Billy Gibbons has a suggestion for aspiring rock musicians. "Come on down to Texas," he says, "it'll either make or break you. Folks around these parts have a way of letting you know what they think of your act, and if they don't like it, well . . . let's just say that things once got so bad that this one promoter had to put chicken wire around the bandstand to catch the beer bottles people were throwing."
ZZ Top seems to have earned the message implicit in such behavior, for nowadays about the heaviest thing being thrown at them are ten-gallon hats. They've given the kids of the South what they want to hear -- a steady stream of high-power, no-nonsense blues-boogie -- and the kids have rewarded them by making them Dixie's most popular band since the Allman Brothers. Their last three appearances in Atlanta were before sell-out crowds, and in New Orleans, Warehouse owner Bill Johnston said he "could have sold out the place for five more days." Though little more than an obscure name in most major northern markets, ZZ Top's regional popularity is such that they recently headlined a Houston festival over the cumulative likes of Wishbone Ash, Savoy Brown and the Doobie Brothers.
This regional discrepancy is the source of much concern to the three-piece band. "Makin' it up North" has become somewhat of an obsession with them. "We just think it's a matter of exposure," Gibbons explains. "People got to hear us before we can hope to sell 'em our records."
"It's no accident that they're this popular in the South," chimes in Bill Ham, the group's manager, coproducer and author of some of their earlier material. "When we were just getting started we must have played a couple hundred gigs a year, all of them in and around Texas. We played so much that word-of-mouth started carrying our reputation, and that's the way its gonna have to be up North too."
Ham is an ex-promotion man who makes no bones about the importance of giving people what they want to hear. Having been so successful on a regional basis he's now leaped headfirst into the task of saturating the East and West Coasts with the ZZ Top sound. Their third album, Tres Hombres, has been out 40 weeks but recently surged to Number 59 on Billboard's chart after release of the album's single, "La Grange," which pushed album sales to 81,000 for April alone (a quarter of total sales). Considerable behind-the-scenes hustle has landed the band gigs supporting the likes of Uriah Heep and Alice Cooper, and paved the way for a spring tour where they will be the headliners.
"This is our big chance," admits bassist Dusty Hilt. "We're gonna play so well that they'll forget glitter ever happened."

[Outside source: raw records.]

lemma induced_aut_in_Hauts:
  assumes e: "e \<in> {1, -1}"
  shows "induced_aut c e \<in> Hauts"
  unfolding Hauts_def
proof (intro CollectI conjI ballI allI)
  show "induced_aut c e \<in> extensional Hcarrier"
    by (simp add: induced_aut_def lin_ext_def)
  have inv: "- e * (- e * c) = c" using e by auto
  show "bij_betw (induced_aut c e) Hcarrier Hcarrier"
    using induced_aut_inverse[OF e, of _ c] induced_aut_inverse[OF e, of _ "- e * c", unfolded inv]
    by (intro bij_betw_byWitness[where f' = "induced_aut (- e * c) e"]) auto
  fix x y :: "hidx \<Rightarrow> 'a" assume "x \<in> Hcarrier" "y \<in> Hcarrier"
  then show "induced_aut c e (hmul x y) = hmul (induced_aut c e x) (induced_aut c e y)"
    using induced_aut_bmul[OF e] by (intro Hlinear_hmulI[OF Hlinear_induced_aut]) (simp_all add: induced_aut_evec)
qed simp_all

subsection \<open>Idempotents\<close>

lemma hmul_self_apply_subset:
  fixes x :: "hidx \<Rightarrow> 'a::field"
  assumes "finite F" "hsupp x \<subseteq> F" "E \<subseteq> F \<times> F"
    and "\<And>b b'. x b \<noteq> 0 \<Longrightarrow> x b' \<noteq> 0 \<Longrightarrow> (b, b') \<notin> E \<Longrightarrow> bmul b b' c = (0::'a)"
  shows "hmul x x c = (\<Sum>(b, b')\<in>E. x b * x b' * bmul b b' c)"
proof -
  have "hmul x x c = (\<Sum>(b, b')\<in>F \<times> F. x b * x b' * bmul b b' c)"
    by (simp add: hmul_apply[OF assms(1,2,1,2)] sum.cartesian_product)
  also have "\<dots> = (\<Sum>(b, b')\<in>E. x b * x b' * bmul b b' c)"
  proof -
    have "x b * x b' * bmul b b' c = 0" if "(b, b') \<notin> E" for b b'
      using assms(4)[of b b'] that by (cases "x b = 0 \<or> x b' = 0") auto
    then show ?thesis using assms(1,3) by (intro sum.mono_neutral_right) auto
  qed
  finally show ?thesis .
qed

Indeed, ZZ Top is probably about as far from the glitter scene as a contemporary band could be. Their individual musical roots sink deeply into the Texas blues tradition, with names like Jimmy Reed, Bobby Blue Bland and B.B. King rolling off their tongues as if they were old personal friends. Hill and drummer Frank "Rube" Beard have been playing in Texas bands for half their lives -- Beard claims he gave up his marriage to keep playing and their one brush with the glitter scene is something they'd just as soon forget.
"We used to he in this band called the American Blues," Hilt remembers, "and we thought it would be kinda neat if everybody dyed their hair blue. It didn't work, in fact all it ever got us was into fights. Man, I still shudder whenever I hear someone say, 'Hey music man' that's how we used to always get called out."
While all this was going on, Gibbons was fronting the marginally successful Moving Sidewalks, a psychedelic superband which at its height had the pleasure of touring with the then new Jimi Hendrix Experience.
"Jimi and I got along fine -- real fine," Gibbons notes with a wide grin. "Of course I was only 17 at the time and a really impressionable sort, but when I first met him I was really floored. He'd dyed his hair orange and like I'd never seen anything like it before. He really taught me a lot about the guitar."
After kicking in the Sidewalks and several abortive versions of ZZ Top, Gibbons finally settled on the current version after Beard brought in his old friend Hill. Two years of incessant playing finally landed them a recording contract with London, which suited Gibbons just fine, "As long as I could remember I'd played those Rolling Stones records and wanted to have my own band on that label," he said.
ZZ Top got their first taste of Northern musical prejudices when Ham arranged with Concerts West for them to back up the Stones at their Hawaii gig. "People would look at us when we went onstage, drop their jaws and moan, They're a cowboy band,"' Hilt recalled. "In the end, though, we'd just blow 'em away and they'd scream for us to come back. We'd feel kinda funny with the Stones watching us from behind, waiting for us to finish."
The band realizes that it will be a long road to cracking a Northern market that regards them as little more than a "Southern Grand Funk," but the prospect of even more incessant touring doesn't seem to phase them a bit.
"Hell, if we didn't want to play in front of people we wouldn't be much of a band, now would we?" Hill asks. "Besides, we like it up there!"